= What is being asked =
Repeat exactly the lines of the listing below, please, starting with the first and ending with the line containing "unfolding nbrs_def using yz by simp"; leave out the rest.
★ ★ ★
lemma unmerged_nbrs_of_leaf:
  assumes "{y, z} \<in> pairs" "y \<in> leaves"
  shows "unmerged_nbrs y = {}"
proof -
  note yz = pair_memberD[OF assms(1)]
  have "X = z" if "X \<in> unmerged_nbrs y" for X
  proof (rule leaf_nbr_unique[OF assms(2)])
    show "X \<in> nbrs y" "z \<in> nbrs y"
      using that yz unmerged_subset_P unfolding unmerged_nbrs_def nbrs_def by auto
  qed
  then show ?thesis
    using yz(5) unfolding unmerged_nbrs_def by blast
qed

lemma card_near_leaves_le_1:
  assumes "{y, z} \<in> pairs"
  shows "card (near_leaves y) \<le> 1"
proof (cases "y \<in> leaves")
  case True
  then have "near_leaves y \<subseteq> {y}"
    using unmerged_nbrs_of_leaf[OF assms] unfolding near_leaves_def by blast
  then have "near_leaves y = {} \<or> near_leaves y = {y}"
    by (rule subset_singletonD)
  then show ?thesis
    by auto
next
  case False
  then have "near_leaves y \<subseteq> unmerged_nbrs y"
    unfolding near_leaves_def by blast
  then have "card (near_leaves y) \<le> card (unmerged_nbrs y)"
    by (rule card_mono[OF finite_unmerged_nbrs])
  then show ?thesis
    using card_unmerged_nbrs_le_1[OF assms] by linarith
qed

lemma near_leaves_shape:
  assumes "{y, z} \<in> pairs" "near_leaves y \<noteq> {}"
  shows "unmerged_nbrs y \<subseteq> leaves" "nbrs y \<subseteq> insert z (unmerged_nbrs y)"
proof -
  note yz = pair_memberD[OF assms(1)]
  have "z \<in> nbrs y"
    unfolding nbrs_def using yz by simp
  have "unmerged_nbrs y \<subseteq> leaves \<and> nbrs y \<subseteq> insert z (unmerged_nbrs y)"
  proof (cases "y \<in> leaves")
    case True
    have "nbrs y \<subseteq> {z}"
      using leaf_nbr_unique[OF True _ \<open>z \<in> nbrs y\<close>] by blast
    then show ?thesis
      using unmerged_nbrs_of_leaf[OF assms(1) True] by simp
  next
    case False
    then obtain l where l: "l \<in> leaves" "l \<in> unmerged_nbrs y"
      using assms(2) unfolding near_leaves_def by blast
    have "\<forall>a\<in>unmerged_nbrs y. \<forall>b\<in>unmerged_nbrs y. a = b"
      using card_le_Suc0_iff_eq[OF finite_unmerged_nbrs] card_unmerged_nbrs_le_1[OF assms(1)] by simp
    then have "unmerged_nbrs y = {l}"
      using l(2) by blast
    have "l \<in> nbrs y" "z \<noteq> l"
      using l(2) yz(5) unmerged_subset_P unfolding unmerged_nbrs_def nbrs_def by auto
    moreover have "card (nbrs y) \<le> 2"
      using card_nbrs_le_cdeg[OF yz(1)] yz(4) by auto
    ultimately have "nbrs y \<subseteq> {z, l}"
      using subset_doubleton_if_card_le_2[OF finite_nbrs _ \<open>z \<in> nbrs y\<close>] by simp
    then show ?thesis
      using l(1) \<open>unmerged_nbrs y = {l}\<close> by auto
  qed
  then show "unmerged_nbrs y \<subseteq> leaves" "nbrs y \<subseteq> insert z (unmerged_nbrs y)"
    by simp_all
qed

lemma near_leaves_closed:
  assumes "{y, z} \<in> pairs" "near_leaves y \<noteq> {}" "X \<in> insert y (unmerged_nbrs y)"
  shows "nbrs X \<subseteq> insert z (insert y (unmerged_nbrs y)) \<and> X \<notin> high"
proof (cases "X = y")
  case True
  then show ?thesis
    using near_leaves_shape[OF assms(1,2)] pair_memberD(4)[OF assms(1)] unfolding high_def by auto
next
  case False
  then have "X \<in> unmerged_nbrs y"
    using assms(3) by simp
  then have "X \<in> leaves" "adj E X y"
    using near_leaves_shape(1)[OF assms(1,2)] adj_commute unfolding unmerged_nbrs_def by auto
  then have "y \<in> nbrs X"
    using pair_memberD(1)[OF assms(1)] unfolding nbrs_def by simp
  then have "nbrs X \<subseteq> {y}"
    using leaf_nbr_unique[OF \<open>X \<in> leaves\<close> _ \<open>y \<in> nbrs X\<close>] by blast
  then show ?thesis
    using \<open>X \<in> leaves\<close> unfolding leaves_def high_def by auto
qed

lemma pair_end_without_near_leaves:
  assumes "high \<noteq> {}" "{y, z} \<in> pairs"
  shows "near_leaves y = {} \<or> near_leaves z = {}"
proof (rule ccontr)
  assume "\<not> ?thesis"
  then have ny: "near_leaves y \<noteq> {}" and nz: "near_leaves z \<noteq> {}"
    by simp_all
  have "{z, y} \<in> pairs"
    using assms(2) by (simp add: insert_commute)
  define S where "S = insert y (unmerged_nbrs y) \<union> insert z (unmerged_nbrs z)"
  have "S \<subseteq> P"
    using pair_memberD[OF assms(2)] unmerged_subset_P unfolding S_def unmerged_nbrs_def by auto
  moreover have "D \<in> S" if "C \<in> S" "D \<in> P" "adj E C D" for C D
  proof -
    have "D \<in> nbrs C"
      unfolding nbrs_def using that(2,3) by simp
    then show ?thesis
      using that(1) near_leaves_closed[OF assms(2) ny] near_leaves_closed[OF \<open>{z, y} \<in> pairs\<close> nz]
      unfolding S_def by blast
  qed
  ultimately have "S = P"
    by (intro adj_closed_eq_P) (auto simp: S_def)
  moreover have "X \<notin> high" if "X \<in> S" for X
    using that near_leaves_closed[OF assms(2) ny] near_leaves_closed[OF \<open>{z, y} \<in> pairs\<close> nz]
    unfolding S_def by blast
  ultimately show False
    using assms(1) unfolding high_def by blast
qed

lemma card_pair_nbrs_le_2:
  assumes "g \<in> pairs"
  shows "card (pair_nbrs g) \<le> 2"
proof -
  obtain y z where "g = {y, z}"
    using pairE[OF assms] by metis
  then have "{y, z} \<in> pairs" "{z, y} \<in> pairs"
    using assms by (simp_all add: insert_commute)
  have "card (pair_nbrs g) \<le> card (unmerged_nbrs y) + card (unmerged_nbrs z)"
    unfolding pair_nbrs_def \<open>g = {y, z}\<close> by (simp add: card_Un_le)
  then show ?thesis
    using card_unmerged_nbrs_le_1[OF \<open>{y, z} \<in> pairs\<close>] card_unmerged_nbrs_le_1[OF \<open>{z, y} \<in> pairs\<close>]
    by linarith
qed

lemma card_pair_leaves_le_1:
  assumes "high \<noteq> {}" "g \<in> pairs"
  shows "card (pair_leaves g) \<le> 1"
proof -
  obtain y z where "g = {y, z}"
    using pairE[OF assms(2)] by metis
  then have "{y, z} \<in> pairs" "{z, y} \<in> pairs"
    using assms(2) by (simp_all add: insert_commute)
  have "pair_leaves g = near_leaves y \<union> near_leaves z"
    unfolding pair_leaves_def \<open>g = {y, z}\<close> by simp
  then show ?thesis
    using pair_end_without_near_leaves[OF assms(1) \<open>{y, z} \<in> pairs\<close>]
      card_near_leaves_le_1[OF \<open>{y, z} \<in> pairs\<close>] card_near_leaves_le_1[OF \<open>{z, y} \<in> pairs\<close>]
    by auto
qed

lemma six_card_G_le_five_card_P: "6 * card G \<le> 5 * card P"
proof -
  have N: "(\<Sum>g\<in>pairs. card (pair_nbrs g)) \<le> 2 * card pairs"
    using sum_mono[of pairs "\<lambda>g. card (pair_nbrs g)" "\<lambda>_. 2"] card_pair_nbrs_le_2 by simp
  have T: "2 * card stars \<le> (\<Sum>g\<in>stars. card g)"
    using sum_mono[of stars "\<lambda>_. 2" card] two_le_card_star by simp
  have "(\<Sum>g\<in>stars. card (leaves \<inter> g) + 1) \<le> (\<Sum>g\<in>stars. card g)"
    using sum_mono[of stars "\<lambda>g. card (leaves \<inter> g) + 1" card] card_star_leaves_less by fastforce
  then have L: "(\<Sum>g\<in>stars. card (leaves \<inter> g)) + card stars \<le> (\<Sum>g\<in>stars. card g)"
    unfolding sum.distrib by simp
  have "card unmerged + 6 * card stars \<le> 4 * card pairs + 5 * (\<Sum>g\<in>stars. card g)"
  proof (cases "high = {}")
    case True
    then have "sandwiched = {}"
      using card_sandwiched_less_card_high by fastforce
    then show ?thesis
      using card_unmerged_le N T True by simp
  next
    case False
    have "(\<Sum>g\<in>pairs. card (pair_leaves g)) \<le> card pairs"
      using sum_mono[of pairs "\<lambda>g. card (pair_leaves g)" "\<lambda>_. 1"] card_pair_leaves_le_1[OF False] by simp
    then show ?thesis
      using card_unmerged_le card_sandwiched_less_card_high card_high_add_2_le_card_leaves[OF two_le_card_P]
        card_leaves_le N T L False by fastforce
  qed
  then show ?thesis
    using card_G_eq card_P_eq by linarith
qed

end

lemma ufo_step_card_le:
  assumes "is_tree V E" "cluster_partition V E P" "2 \<le> card P" "ufo_step E P Q"
  shows "6 * card Q \<le> 5 * card P"
proof -
  obtain G where "\<Union>G = P" "\<forall>g\<in>G. g \<noteq> {}"
    "\<forall>g1\<in>G. \<forall>g2\<in>G. g1 \<noteq> g2 \<longrightarrow> g1 \<inter> g2 = {}" "\<forall>g\<in>G. valid_group E P g"
    "\<forall>H\<in>P. cdeg E H \<ge> 3 \<longrightarrow> (\<forall>C\<in>P. adj E H C \<and> cdeg E C = 1 \<longrightarrow> (\<exists>g\<in>G. H \<in> g \<and> C \<in> g))"
    "\<forall>C\<in>P. \<forall>D\<in>P. {C} \<in> G \<and> {D} \<in> G \<and> adj E C D \<and> cdeg E C \<in> {1, 2} \<and> cdeg E D \<in> {1, 2}
       \<longrightarrow> False"
    and Q: "Q = (\<lambda>g. \<Union>g) ` G"
    using assms(4) unfolding ufo_step_def by (elim exE conjE) (rule that; assumption)
  then interpret ufo_round V E P G
    using assms(1-3) by unfold_locales blast+
  show ?thesis
    unfolding Q card_merged using six_card_G_le_five_card_P .
qed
★ ★ ★
= Task response =
lemma unmerged_nbrs_of_leaf:
  assumes "{y, z} \<in> pairs" "y \<in> leaves"
  shows "unmerged_nbrs y = {}"
proof -
  note yz = pair_memberD[OF assms(1)]
  have "X = z" if "X \<in> unmerged_nbrs y" for X
  proof (rule leaf_nbr_unique[OF assms(2)])
    show "X \<in> nbrs y" "z \<in> nbrs y"
      using that yz unmerged_subset_P unfolding unmerged_nbrs_def nbrs_def by auto
  qed
  then show ?thesis
    using yz(5) unfolding unmerged_nbrs_def by blast
qed

lemma card_near_leaves_le_1:
  assumes "{y, z} \<in> pairs"
  shows "card (near_leaves y) \<le> 1"
proof (cases "y \<in> leaves")
  case True
  then have "near_leaves y \<subseteq> {y}"
    using unmerged_nbrs_of_leaf[OF assms] unfolding near_leaves_def by blast
  then have "near_leaves y = {} \<or> near_leaves y = {y}"
    by (rule subset_singletonD)
  then show ?thesis
    by auto
next
  case False
  then have "near_leaves y \<subseteq> unmerged_nbrs y"
    unfolding near_leaves_def by blast
  then have "card (near_leaves y) \<le> card (unmerged_nbrs y)"
    by (rule card_mono[OF finite_unmerged_nbrs])
  then show ?thesis
    using card_unmerged_nbrs_le_1[OF assms] by linarith
qed

lemma near_leaves_shape:
  assumes "{y, z} \<in> pairs" "near_leaves y \<noteq> {}"
  shows "unmerged_nbrs y \<subseteq> leaves" "nbrs y \<subseteq> insert z (unmerged_nbrs y)"
proof -
  note yz = pair_memberD[OF assms(1)]
  have "z \<in> nbrs y"
    unfolding nbrs_def using yz by simp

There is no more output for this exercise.